A Crown of Swords (19 page)

Read A Crown of Swords Online

Authors: Robert Jordan

BOOK: A Crown of Swords
2.01Mb size Format: txt, pdf, ePub

Lowering a small looking glass from his eye, a scowling Dobraine stuffed it into a worked-leather tube tied to his saddle. “I hoped the savages had it wrong somehow, but if House Saighan flies with the Rising Sun, Colavaere has the throne. She will have been distributing gifts in the city every day; coin, food, finery. It is traditional for the Coronation Festival. A ruler is never more popular than for the week after taking the throne.” He eyed Rand sideways; the strain of speaking straight out hollowed his face. “The commoners could riot if they dislike what you do. The streets could run with blood.”

Havien’s gray gelding danced his rider’s impatience, and the man himself kept looking from Rand to the city and back. It was not his city; he had made it clear earlier that he cared little what ran in the streets, so long as his own ruler was safe.

For long moments Rand studied the city. Or seemed to, anyway; whatever he saw, his face was bleak. Min studied him, worriedly, maybe pityingly.
“I will try to see they don’t,” he said at last. “Flinn, remain here with the soldiers. Min—”

She broke in on him sharply. “No! I am going where you go, Rand al’Thor. You need me, and you know it.” The last sounded more plea than demand, but when a woman planted her fists on her hips that way and fixed her eyes to you, she was not begging.

“I am going, too,” Loial added, leaning on his long-hafted axe. “You always manage to do things when I’m somewhere else.” His voice took on a plaintive edge. “It won’t do, Rand. It will not do for the book. How can I write about things if I am not there?”

Still looking at Min, Rand half-raised a hand toward her, then let it fall. She met his gaze levelly.
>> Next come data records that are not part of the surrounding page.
(* Let $(\mathbf{x}_i,y_i)_{i=1}^n\subset\mathbb{R}^d\times\{\pm1\}$ satisfy $\|\mathbf{x}_i\|\le 1$ for all $i$, and suppose there are $\gamma>0$ and a unit vector $\mathbf{w}_*$ with $y_i\mathbf{x}_i^\top\mathbf{w}_*\ge\gamma$ for all $i$. Let $L(\mathbf{w})=\frac1n\sum_{i=1}^n\ln\big(1+\exp(-y_i\mathbf{x}_i^\top\mathbf{w})\big)$ and run gradient descent $\mathbf{w}_t=\mathbf{w}_{t-1}-\eta\nabla L(\mathbf{w}_{t-1})$ from $\mathbf{w}_0=0$. Let $T$ be an integer with $T\ge 120\max\{e,n\}/\gamma^2$ and set $\eta:=\gamma^2T/120$. Then $\tau:=\frac{60}{\gamma^2}\max\big\{\eta,n,e,\frac{\eta+n}{\eta}\ln\frac{\eta+n}{\eta}\big\}\le T/2$, and \[L(\mathbf{w}_T)\le 480\,\frac{\ln^2(\gamma^4T^2)}{\gamma^4T^2}.\] *)

theory Defs
  imports "HOL-Analysis.Analysis"
begin

definition logloss :: "nat \<Rightarrow> (nat \<Rightarrow> 'a::euclidean_space) \<Rightarrow> (nat \<Rightarrow> real) \<Rightarrow> 'a \<Rightarrow> real" where
  "logloss n x y w = (1 / real n) * (\<Sum>i<n. ln (1 + exp (- (y i * (x i \<bullet> w)))))"

definition grad :: "('a::euclidean_space \<Rightarrow> real) \<Rightarrow> 'a \<Rightarrow> 'a" where
  "grad f w = (THE g. (f has_derivative (\<lambda>h. g \<bullet> h)) (at w))"

fun gd :: "real \<Rightarrow> ('a::euclidean_space \<Rightarrow> real) \<Rightarrow> nat \<Rightarrow> 'a" where
  "gd eta f 0 = 0"
| "gd eta f (Suc t) = gd eta f t - eta *\<^sub>R grad f (gd eta f t)"

end

theory Submission
  imports Defs
begin

text \<open>Write \<open>\<ell>(s) = ln (1 + exp (-s))\<close> and \<open>g(s) = -\<ell>'(s) = 1 / (1 + exp s)\<close> (below
  \<open>logistic_loss\<close> and \<open>logistic_weight\<close>), and let \<open>G(w)\<close> (\<open>mean_weight\<close>) be the mean of
  \<open>g(y\<^sub>i x\<^sub>i \<bullet> w)\<close>, so that \<open>\<gamma> G(w) \<le> \<parallel>\<nabla>L(w)\<parallel> \<le> G(w)\<close>.
  In the first \<open>T/2\<close> steps the step size is far too large for classical descent, but two
  facts survive: each step moves the iterate by \<open>\<eta>\<gamma>G\<close> along \<open>w\<^sub>*\<close> (the perceptron argument), while
  comparing with a suitable multiple of \<open>w\<^sub>*\<close> keeps \<open>\<parallel>w\<^sub>t\<parallel> = O(\<eta>/\<gamma>)\<close>. Hence \<open>G\<close> must drop below
  \<open>1/(6\<eta>)\<close> at some step \<open>k < T/2\<close>, where \<open>L \<le> 2G \<le> 1/(3\<eta>)\<close>. From there on the curvature of \<open>L\<close>,
  which is bounded by \<open>G \<le> L\<close> itself, is small compared with \<open>1/\<eta>\<close>: every step decreases \<open>L\<close> by
  \<open>\<eta>\<parallel>\<nabla>L\<parallel>\<^sup>2/2 \<ge> (2/9)\<eta>\<gamma>\<^sup>2L\<^sup>2\<close>, so \<open>1/L\<close> grows linearly and \<open>L(w\<^sub>T) \<le> 9/(\<eta>\<gamma>\<^sup>2T) = 1080/(\<gamma>\<^sup>2T)\<^sup>2\<close>.\<close>

definition logistic_loss :: "real \<Rightarrow> real" where
  "logistic_loss s = ln (1 + exp (- s))"

definition logistic_weight :: "real \<Rightarrow> real" where
  "logistic_weight s = 1 / (1 + exp s)"

lemma one_plus_exp_pos [simp]: "0 < 1 + exp (t::real)"
  by (simp add: add_pos_pos)

lemma one_plus_exp_neq_zero [simp]: "1 + exp (t::real) \<noteq> 0"
  using one_plus_exp_pos[of t] by linarith

lemma logistic_weight_eq: "logistic_weight s = exp (- s) / (1 + exp (- s))"
  unfolding logistic_weight_def by (simp add: exp_minus field_simps)

lemma logistic_weight_pos: "0 < logistic_weight s"
  by (simp add: logistic_weight_def)

lemma logistic_weight_le_one: "logistic_weight s \<le> 1"
  by (simp add: logistic_weight_def)

lemma logistic_loss_pos: "0 < logistic_loss s"
  unfolding logistic_loss_def by (rule ln_gt_zero) simp

lemma logistic_loss_le_exp: "logistic_loss s \<le> exp (- s)"
  unfolding logistic_loss_def by (rule ln_add_one_self_le_self) simp

lemma logistic_loss_antimono: "a \<le> b \<Longrightarrow> logistic_loss b \<le> logistic_loss a"
  unfolding logistic_loss_def by simp

lemma has_derivative_logistic_loss [derivative_intros]:
  assumes "(f has_derivative f') (at w within S)"
  shows "((\<lambda>v. logistic_loss (f v)) has_derivative (\<lambda>h. - logistic_weight (f w) * f' h))
           (at w within S)"
  unfolding logistic_loss_def
  by (rule derivative_eq_intros assms refl | simp)+
     (simp add: fun_eq_iff logistic_weight_eq divide_inverse mult_ac)

lemma logistic_weight_le_loss: "logistic_weight s \<le> logistic_loss s"
proof -
  define u where "u = exp (- s)"
  have u: "0 < u" by (simp add: u_def)
  have "ln (1 / (1 + u)) \<le> 1 / (1 + u) - 1"
    by (rule ln_le_minus_one) (use u in simp)
  then have "u / (1 + u) \<le> ln (1 + u)"
    using u by (simp add: ln_div field_simps)
  then show ?thesis by (simp add: logistic_weight_eq logistic_loss_def u_def)
qed

lemma logistic_loss_diff:
  "logistic_loss b - logistic_loss a
     = ln ((1 - logistic_weight a) + logistic_weight a * exp (a - b))"
proof -
  have "(1 + exp (- b)) / (1 + exp (- a))
          = (1 - logistic_weight a) + logistic_weight a * exp (a - b)"
    unfolding logistic_weight_def
    by (simp add: exp_minus exp_diff divide_simps) (simp add: algebra_simps)
  then show ?thesis
    unfolding logistic_loss_def using ln_div[of "1 + exp (- b)" "1 + exp (- a)"] by simp
qed

lemma logistic_loss_tangent_le:
  "logistic_loss a - logistic_weight a * (b - a) \<le> logistic_loss b"
proof -
  let ?p = "logistic_weight a"
  have p: "0 < ?p" "?p \<le> 1"
    by (rule logistic_weight_pos logistic_weight_le_one)+
  \<comment> \<open>Jensen for \<open>exp\<close>, with weights \<open>1 - ?p\<close> and \<open>?p\<close>\<close>
  have "exp ((1 - ?p) *\<^sub>R 0 + ?p *\<^sub>R (a - b)) \<le> (1 - ?p) * exp 0 + ?p * exp (a - b)"
    by (rule convex_onD[OF exp_convex]) (use p in auto)
  then have "?p * (a - b) \<le> ln ((1 - ?p) + ?p * exp (a - b))"
    by (subst ln_ge_iff) (use p in \<open>auto intro: add_nonneg_pos\<close>)
  then show ?thesis
    using logistic_loss_diff[of b a] by (simp add: algebra_simps)
qed

lemma exp_neg_le_quadratic:
  fixes s :: real
  assumes "0 \<le> s"
  shows "exp (- s) \<le> 1 - s + s^2"
proof -
  have "exp (- s) \<le> 1 / (1 + s)"
    using exp_ge_add_one_self[of s] assms by (simp add: exp_minus divide_simps)
  also have "\<dots> \<le> 1 - s + s^2"
    using assms by (simp add: divide_simps power2_eq_square) (simp add: algebra_simps)
  finally show ?thesis .
qed

lemma exp_le_quadratic:
  fixes c :: real
  assumes "\<bar>c\<bar> \<le> 1"
  shows "exp c \<le> 1 + c + c^2"
proof (cases "0 \<le> c")
  case True
  then show ?thesis using exp_bound[of c] assms by simp
next
  case False
  then show ?thesis using exp_neg_le_quadratic[of "- c"] by simp
qed
lemma rho_dim_t_prod:
  assumes F: "\<forall>j\<in>I. rho_dim S ar (F j)"
  shows "rho_dim S ar (t_prod I F)"
  unfolding rho_dim_iff_shift_invariant shift_invariant_def
proof (intro conjI ballI allI impI)
  show "is_talg S (t_prod I F)" using F by (auto simp: rho_dim_def intro: is_talg_t_prod)
  fix \<sigma> s N assume \<sigma>: "\<sigma> \<in> S" and s: "s \<in> ttr (t_prod I F)"
  have "tops (F j) \<sigma> (\<lambda>k. block_shift (ar \<sigma>) N s k j) = tops (F j) \<sigma> (\<lambda>k. s k j)"
    if j: "j \<in> I" for j
    using rho_dim_block_shift[OF F[rule_format, OF j] \<sigma>, of "\<lambda>k. s k j" N]
      comp_block_shift[of "\<lambda>x. x j" "ar \<sigma>" N s] s j
    by (simp add: ttr_t_prod comp_def)
  then show "tops (t_prod I F) \<sigma> (block_shift (ar \<sigma>) N s) = tops (t_prod I F) \<sigma> s"
    by (simp add: tops_t_prod fun_eq_iff)
qed

lemma thread_in_gen_alg:
  assumes "is_talg S A" "s \<in> ttr A"
  shows "s \<in> ttr (gen_alg S A s)"
proof -
  have "s \<in> threads (tcar A)" using assms by (auto simp: is_talg_def is_trace_def)
  moreover have "s \<in> threads {teval A t s | t. wf_tterm S t}"
    unfolding threads_def by (auto intro!: exI[of _ "Var _"])
  ultimately show ?thesis by (simp add: gen_alg_def Let_def eqN_def)
qed

lemma rho_dim_if_gen_algs:
  assumes A: "is_talg S A" and gen: "\<forall>s\<in>ttr A. rho_dim S ar (gen_alg S A s)"
  shows "rho_dim S ar A"
  unfolding rho_dim_iff_shift_invariant shift_invariant_def
proof (intro conjI A ballI allI impI)
  fix \<sigma> s N assume "\<sigma> \<in> S" "s \<in> ttr A"
  from rho_dim_block_shift[OF gen[rule_format, OF this(2)] this(1) thread_in_gen_alg[OF A this(2)]]
  show "tops A \<sigma> (block_shift (ar \<sigma>) N s) = tops A \<sigma> s"
    by (simp add: gen_alg_def Let_def)
qed

theorem mainTheorem12:
  fixes S :: "'f set" and ar :: "'f \<Rightarrow> nat"
  shows
    \<comment> \<open>the class of rho-dimensional t-algebras equals Mod(Str(rho))\<close>
    "(\<forall>A :: ('a, 'f) talg. rho_dim S ar A \<longleftrightarrow> Mod S (Str S ar) A)
     \<comment> \<open>closure under t-homomorphic images\<close>
     \<and> (\<forall>(A :: ('a, 'f) talg) (B :: ('b, 'f) talg) f.
          rho_dim S ar A \<and> is_talg S B \<and> t_hom_onto S A B f \<longrightarrow> rho_dim S ar B)
     \<comment> \<open>closure under t-subalgebras\<close>
     \<and> (\<forall>(A :: ('a, 'f) talg) B. rho_dim S ar A \<and> t_subalg S B A \<longrightarrow> rho_dim S ar B)
     \<comment> \<open>closure under t-products\<close>
     \<and> (\<forall>(I :: 'i set) (F :: 'i \<Rightarrow> ('c, 'f) talg).
          (\<forall>j\<in>I. rho_dim S ar (F j)) \<longrightarrow> rho_dim S ar (t_prod I F))
     \<comment> \<open>the Et-property\<close>
     \<and> (\<forall>A :: ('a, 'f) talg. is_talg S A \<and> (\<forall>s\<in>ttr A. rho_dim S ar (gen_alg S A s))
          \<longrightarrow> rho_dim S ar A)"
  by (intro conjI allI impI rho_dim_iff_Mod_Str)
    (auto intro: rho_dim_hom_image rho_dim_t_subalg rho_dim_t_prod rho_dim_if_gen_algs)

end
(* Let $N\ge3$, let $f_1,\dots,f_N$ be coordinates with Poisson brackets $\{f_m,f_n\}=-\delta_{m+1,n}+\delta_{m-1,n}$ (indices mod $N$), and let $\beta_1,\dots,\beta_{N-2}$ be constants. For $m=1,\dots,N-2$ let $F_m(\lambda)=\prod_{n=m}^{N-2}\bigl(1+(\lambda+\beta_n)\frac{\partial^2}{\partial f_n\partial f_{n+1}}\bigr)(f_m\cdots f_{N-1})$ and $F_{N-1}(\lambda)=f_{N-1}$. Then for each $n=0,1,\dots,N-3$ and independent parameters $\lambda,\mu$, $$\{F_{n+1}(\lambda),F_{n+1}(\mu)\}=\{F_{n+2}(\lambda),F_{n+2}(\mu)\}=0,\qquad \{F_{n+1}(\lambda),F_{n+2}(\mu)\}=\frac{F_{n+2}(\lambda)F_{n+1}(\mu)-F_{n+1}(\lambda)F_{n+2}(\mu)}{\lambda-\mu}.$$ In particular $B(\lambda)=F_1(\lambda)$ and $\tilde A(\lambda)=F_2(\lambda)$ satisfy $\{\tilde A(\lambda),\tilde A(\mu)\}=\{B(\lambda),B(\mu)\}=0$ and $\{\tilde A(\lambda),B(\mu)\}=\frac{B(\lambda)\tilde A(\mu)-\tilde A(\lambda)B(\mu)}{\lambda-\mu}$.
   Context: Brackets of polynomials in $\lambda$ are computed coefficientwise. When $N$ is even the $f_n$ may additionally be constrained by $f_1+f_3+\cdots+f_{N-1}=f_2+f_4+\cdots+f_N$; the function $v=(f_1+\cdots+f_N)/2$ is a Casimir of this bracket. *)

theory Defs
  imports "HOL-Analysis.Analysis"
begin

text \<open>Functions of the coordinates: a point is x :: nat => real, with x k the value of f_k
 (only k in 1..N matter).  Partial derivative with respect to f_i.\<close>
definition pd :: "nat \<Rightarrow> ((nat \<Rightarrow> real) \<Rightarrow> real) \<Rightarrow> ((nat \<Rightarrow> real) \<Rightarrow> real)" where
  "pd i P = (\<lambda>x. deriv (\<lambda>t. P (x(i := t))) (x i))"

definition pbc :: "nat \<Rightarrow> nat \<Rightarrow> nat \<Rightarrow> real" where
  "pbc N m n = (if (m + 1) mod N = n mod N then -1 else 0)
             + (if (n + 1) mod N = m mod N then 1 else 0)"

definition pbr :: "nat \<Rightarrow> ((nat \<Rightarrow> real) \<Rightarrow> real) \<Rightarrow> ((nat \<Rightarrow> real) \<Rightarrow> real)
                   \<Rightarrow> ((nat \<Rightarrow> real) \<Rightarrow> real)" where
  "pbr N P Q = (\<lambda>x. \<Sum>m\<in>{1..N}. \<Sum>n\<in>{1..N}. pbc N m n * pd m P x * pd n Q x)"

definition Dop :: "(nat \<Rightarrow> real) \<Rightarrow> real \<Rightarrow> nat \<Rightarrow> ((nat \<Rightarrow> real) \<Rightarrow> real)
                   \<Rightarrow> ((nat \<Rightarrow> real) \<Rightarrow> real)" where
  "Dop beta lam n P = (\<lambda>x. P x + (lam + beta n) * pd n (pd (n + 1) P) x)"

definition FF :: "nat \<Rightarrow> (nat \<Rightarrow> real) \<Rightarrow> nat \<Rightarrow> real \<Rightarrow> ((nat \<Rightarrow> real) \<Rightarrow> real)" where
  "FF N beta m lam =
     (if m = N - 1 then (\<lambda>x. x (N - 1))
      else foldr (Dop beta lam) [m..<N - 1] (\<lambda>x. \<Prod>k\<in>{m..N - 1}. x k))"

end

theory Submission
  imports Defs
begin

text \<open>Expanding the product of operators shows that F_m obeys the three-term recurrence
  F_m = f_m F_(m+1) + (\<lambda> + \<beta>_m) F_(m+2), with F_N = 1 and F_(N+1) = 0.
  Since F_(m+1) and F_(m+2) only involve f_(m+1), ..., f_(N-1), the bracket with f_m acts on
  them as -\<partial>/\<partial>f_(m+1); hence {f_m, F_(m+1)} = -F_(m+2) and {f_m, F_(m+2)} = 0.
  Together with the Leibniz rule this turns the relations for the pair (F_(m+1), F_(m+2)) into
  those for (F_m, F_(m+1)), and all relations follow by downward induction on m, starting from
  the constants F_N and F_(N+1).\<close>

text \<open>Since \<^const>\<open>pd\<close> is defined through \<^const>\<open>deriv\<close>, the product and sum rules
  only hold for differentiable functions; polynomials in the coordinates suffice here.\<close>

inductive coord_poly :: "((nat \<Rightarrow> real) \<Rightarrow> real) \<Rightarrow> bool" where
  coord_poly_const [simp]: "coord_poly (\<lambda>x. c)"
| coord_poly_coord [simp]: "coord_poly (\<lambda>x. x i)"
| coord_poly_add [simp]: "coord_poly P \<Longrightarrow> coord_poly Q \<Longrightarrow> coord_poly (\<lambda>x. P x + Q x)"
| coord_poly_mult [simp]: "coord_poly P \<Longrightarrow> coord_poly Q \<Longrightarrow> coord_poly (\<lambda>x. P x * Q x)"

lemma coord_poly_field_differentiable:
  "coord_poly P \<Longrightarrow> (\<lambda>s. P (x(i := s))) field_differentiable (at t)"
proof (induction P rule: coord_poly.induct)
  case (coord_poly_coord j)
  show ?case by (cases "i = j") auto
qed (auto intro: field_differentiable_add field_differentiable_mult)

lemma pd_const [simp]: "pd i (\<lambda>x. c) = (\<lambda>x. 0)"
  by (simp add: pd_def)
lemma distributed_normal_PiM_lincomb:
  assumes \<sigma>: "\<sigma> > 0" and i0: "i0 < n" "a i0 \<noteq> 0"
  shows "distributed (normal_PiM n \<mu> \<sigma>) lborel (\<lambda>y. \<Sum>i<n. a i * y i)
           (normal_density (\<Sum>i<n. a i * \<mu> i) (\<sigma> * sqrt (\<Sum>i<n. (a i)\<^sup>2)))"
proof -
  interpret prob_space "normal_PiM n \<mu> \<sigma>" by (rule prob_space_normal_PiM[OF \<sigma>])
  \<comment> \<open>Summands with \<open>a i = 0\<close> are degenerate, not normal, so they are dropped.\<close>
  define I where "I = {i\<in>{..<n}. a i \<noteq> 0}"
  have I: "finite I" "I \<noteq> {}" "I \<subseteq> {..<n}" using i0 by (auto simp: I_def)
  have "indep_vars (\<lambda>_. borel) (\<lambda>i y. y i) I"
    using indep_vars_subset[OF indep_vars_normal_PiM_components[OF \<sigma>, of n \<mu>] I(3)] i0 by simp
  then have indep: "indep_vars (\<lambda>_. borel) (\<lambda>i y. a i * y i) I"
    using indep_vars_compose2[of _ _ I "\<lambda>i x. a i * x" "\<lambda>_. borel"] by simp
  have "distributed (normal_PiM n \<mu> \<sigma>) lborel (\<lambda>y. a i * y i) (normal_density (a i * \<mu> i) (\<bar>a i\<bar> * \<sigma>))"
    if "i \<in> I" for i
  proof -
    have "distributed (normal_PiM n \<mu> \<sigma>) lborel (\<lambda>y. y i) (normal_density (\<mu> i) \<sigma>)"
      using that by (intro distributed_normal_PiM_component[OF \<sigma>]) (simp add: I_def)
    from normal_density_affine[OF this \<sigma>, of "a i" 0] show ?thesis
      using that by (simp add: I_def)
  qed
  then have "distributed (normal_PiM n \<mu> \<sigma>) lborel (\<lambda>y. \<Sum>i\<in>I. a i * y i)
      (normal_density (\<Sum>i\<in>I. a i * \<mu> i) (sqrt (\<Sum>i\<in>I. (\<bar>a i\<bar> * \<sigma>)\<^sup>2)))"
    using \<sigma> by (intro sum_indep_normal[OF I(1,2) indep]) (auto simp: I_def)
  moreover have "(\<Sum>i\<in>I. f i) = (\<Sum>i<n. f i)" if "\<And>i. a i = 0 \<Longrightarrow> f i = 0" for f :: "nat \<Rightarrow> real"
    using that by (intro sum.mono_neutral_left) (auto simp: I_def)
  moreover have "sqrt (\<Sum>i<n. \<sigma>\<^sup>2 * (a i)\<^sup>2) = \<sigma> * sqrt (\<Sum>i<n. (a i)\<^sup>2)"
    using \<sigma> by (simp add: real_sqrt_mult flip: sum_distrib_left)
  ultimately show ?thesis
    by (simp add: power_mult_distrib mult.commute)
qed

lemma normal_exp_quarter_moment:
  assumes \<sigma>: "\<sigma> > 0"
  shows "(\<integral>\<^sup>+ x. ennreal (exp ((x - m)\<^sup>2 / (4 * \<sigma>\<^sup>2))) \<partial>density lborel (normal_density m \<sigma>))
    = ennreal (sqrt 2)"
proof -
  have pointwise: "normal_density m \<sigma> x * exp ((x - m)\<^sup>2 / (4 * \<sigma>\<^sup>2))
      = sqrt 2 * normal_density m (sqrt 2 * \<sigma>) x" for x
  proof -
    have "exp (- (x - m)\<^sup>2 / (2 * \<sigma>\<^sup>2)) * exp ((x - m)\<^sup>2 / (4 * \<sigma>\<^sup>2))
        = exp (- (x - m)\<^sup>2 / (2 * (sqrt 2 * \<sigma>)\<^sup>2))"
      using \<sigma> by (simp add: exp_add[symmetric] power_mult_distrib field_simps)
    moreover have "sqrt (2 * pi * (sqrt 2 * \<sigma>)\<^sup>2) = sqrt 2 * sqrt (2 * pi * \<sigma>\<^sup>2)"
      by (simp add: power_mult_distrib real_sqrt_mult[symmetric] mult_ac)
    ultimately show ?thesis
      unfolding normal_density_def by (simp add: field_simps)
  qed
  have "(\<integral>\<^sup>+ x. ennreal (exp ((x - m)\<^sup>2 / (4 * \<sigma>\<^sup>2))) \<partial>density lborel (normal_density m \<sigma>))
      = (\<integral>\<^sup>+ x. ennreal (sqrt 2) * ennreal (normal_density m (sqrt 2 * \<sigma>) x) \<partial>lborel)"
    by (subst nn_integral_density)
      (auto intro!: nn_integral_cong simp: ennreal_mult'[symmetric] pointwise)
  also have "\<dots> = ennreal (sqrt 2) * (\<integral>\<^sup>+ x. ennreal (normal_density m (sqrt 2 * \<sigma>) x) \<partial>lborel)"
    by (rule nn_integral_cmult) simp
  also have "(\<integral>\<^sup>+ x. ennreal (normal_density m (sqrt 2 * \<sigma>) x) \<partial>lborel) = 1"
    using \<sigma> by (subst nn_integral_eq_integral)
      (auto intro: integrable_normal_density integral_normal_density)
  finally show ?thesis by simp
qed

lemma normal_PiM_exp_moment:
  assumes \<sigma>: "\<sigma> > 0"
  shows "(\<integral>\<^sup>+ y. ennreal (exp ((\<Sum>i<n. (y i - \<mu> i)\<^sup>2) / (4 * \<sigma>\<^sup>2))) \<partial>normal_PiM n \<mu> \<sigma>)
    = ennreal (sqrt 2 ^ n)"
proof -
  let ?N = "\<lambda>i. density lborel (normal_density (\<mu> i) \<sigma>)"
  interpret product_prob_space ?N
    by (rule product_prob_spaceI) (rule prob_space_normal_density[OF \<sigma>])
  have "(\<integral>\<^sup>+ y. ennreal (exp ((\<Sum>i<n. (y i - \<mu> i)\<^sup>2) / (4 * \<sigma>\<^sup>2))) \<partial>normal_PiM n \<mu> \<sigma>)
      = (\<integral>\<^sup>+ y. (\<Prod>i\<in>{..<n}. ennreal (exp ((y i - \<mu> i)\<^sup>2 / (4 * \<sigma>\<^sup>2)))) \<partial>PiM {..<n} ?N)"
    unfolding normal_PiM_def
    by (intro nn_integral_cong) (simp add: exp_sum prod_ennreal sum_divide_distrib)
  also have "\<dots> = (\<Prod>i\<in>{..<n}. \<integral>\<^sup>+ x. ennreal (exp ((x - \<mu> i)\<^sup>2 / (4 * \<sigma>\<^sup>2))) \<partial>?N i)"
    by (rule product_nn_integral_prod) auto
  also have "\<dots> = ennreal (sqrt 2 ^ n)"
    by (simp add: normal_exp_quarter_moment[OF \<sigma>] prod_ennreal ennreal_power)
  finally show ?thesis .
qed

text \<open>Chernoff bound with exponent \<open>1 / (4 \<sigma>\<^sup>2)\<close>: by the previous lemma each coordinate
  contributes a factor \<open>sqrt 2\<close>, and the threshold contributes \<open>exp (- n / 2)\<close>.\<close>

lemma normal_PiM_sum_sq_tail:
  assumes \<sigma>: "\<sigma> > 0"
  shows "measure (normal_PiM n \<mu> \<sigma>)
      {y \<in> space (normal_PiM n \<mu> \<sigma>). 2 * real n * \<sigma>\<^sup>2 < (\<Sum>i<n. (y i - \<mu> i)\<^sup>2)}
    \<le> (sqrt 2 / exp (1/2))^n"
proof -
  let ?M = "normal_PiM n \<mu> \<sigma>"
  interpret prob_space ?M by (rule prob_space_normal_PiM[OF \<sigma>])
  define F where "F y = (\<Sum>i<n. (y i - \<mu> i)\<^sup>2)" for y
  define u where "u y = ennreal (exp (F y / (4 * \<sigma>\<^sup>2)))" for y
  define c where "c = exp (- real n / 2)"
  have [measurable]: "F \<in> borel_measurable ?M"
    unfolding F_def by (rule normal_PiM_sum_sq_measurable)
  have "{y \<in> space ?M. 2 * real n * \<sigma>\<^sup>2 < F y} \<subseteq> {y \<in> space ?M. 1 \<le> ennreal c * u y}"
  proof safe
    fix y assume "2 * real n * \<sigma>\<^sup>2 < F y"
    then have "exp (real n / 2) \<le> exp (F y / (4 * \<sigma>\<^sup>2))" using \<sigma> by (simp add: field_simps)
    then show "1 \<le> ennreal c * u y"
      by (simp add: u_def c_def exp_minus field_simps flip: ennreal_mult')
  qed
  then have "emeasure ?M {y \<in> space ?M. 2 * real n * \<sigma>\<^sup>2 < F y}
      \<le> emeasure ?M {y \<in> space ?M. 1 \<le> ennreal c * u y}"
    by (rule emeasure_mono) (simp add: u_def)
  also have "\<dots> \<le> ennreal c * (\<integral>\<^sup>+ y. u y * indicator (space ?M) y \<partial>?M)"
    by (rule nn_integral_Markov_inequality) (auto simp: u_def)
  also have "(\<integral>\<^sup>+ y. u y * indicator (space ?M) y \<partial>?M) = (\<integral>\<^sup>+ y. u y \<partial>?M)"
    by (intro nn_integral_cong) simp
  also have "\<dots> = ennreal (sqrt 2 ^ n)"
    unfolding u_def F_def by (rule normal_PiM_exp_moment[OF \<sigma>])
  finally have "measure ?M {y \<in> space ?M. 2 * real n * \<sigma>\<^sup>2 < F y} \<le> c * sqrt 2 ^ n"
    by (simp add: emeasure_eq_measure c_def flip: ennreal_mult')
  moreover have "c * sqrt 2 ^ n = (sqrt 2 / exp (1/2))^n"
    by (simp add: c_def power_divide exp_minus field_simps flip: exp_of_nat_mult)
  ultimately show ?thesis by (simp add: F_def)
qed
“This is . . . madness.” Holding his reins stiffly, Dashiva booted the plump mare closer to Rand’s black. Reluctance twisted his features; perhaps even Asha’man worried at being too near Rand. “All it needs is one man with a . . . a bow, or a knife, and you don’t see him in time. Send one of the Asha’man to do what needs doing, or more, if you think it’s necessary. A gateway to the palace, and it can be done before anyone knows what has happened.”

“And sit here past dark,” Rand cut in, reining his gelding around to face Dashiva, “until they know this place well enough to open one? That way brings bloodshed for sure. They’ve seen us from the walls, unless they’re blind. Sooner or later they will send somebody to find out who we are, and how many.” The rest of the column remained hidden behind the rise, and the banners were down there, too, but men sitting their horses on a ridge with Maidens for company would indeed attract curiosity. “I will do this my way.” His voice rose in anger, and he smelled of cold fury. “Nobody dies unless it can’t be avoided, Dashiva. I’ve had a bellyful of death. Do you understand me? Nobody!”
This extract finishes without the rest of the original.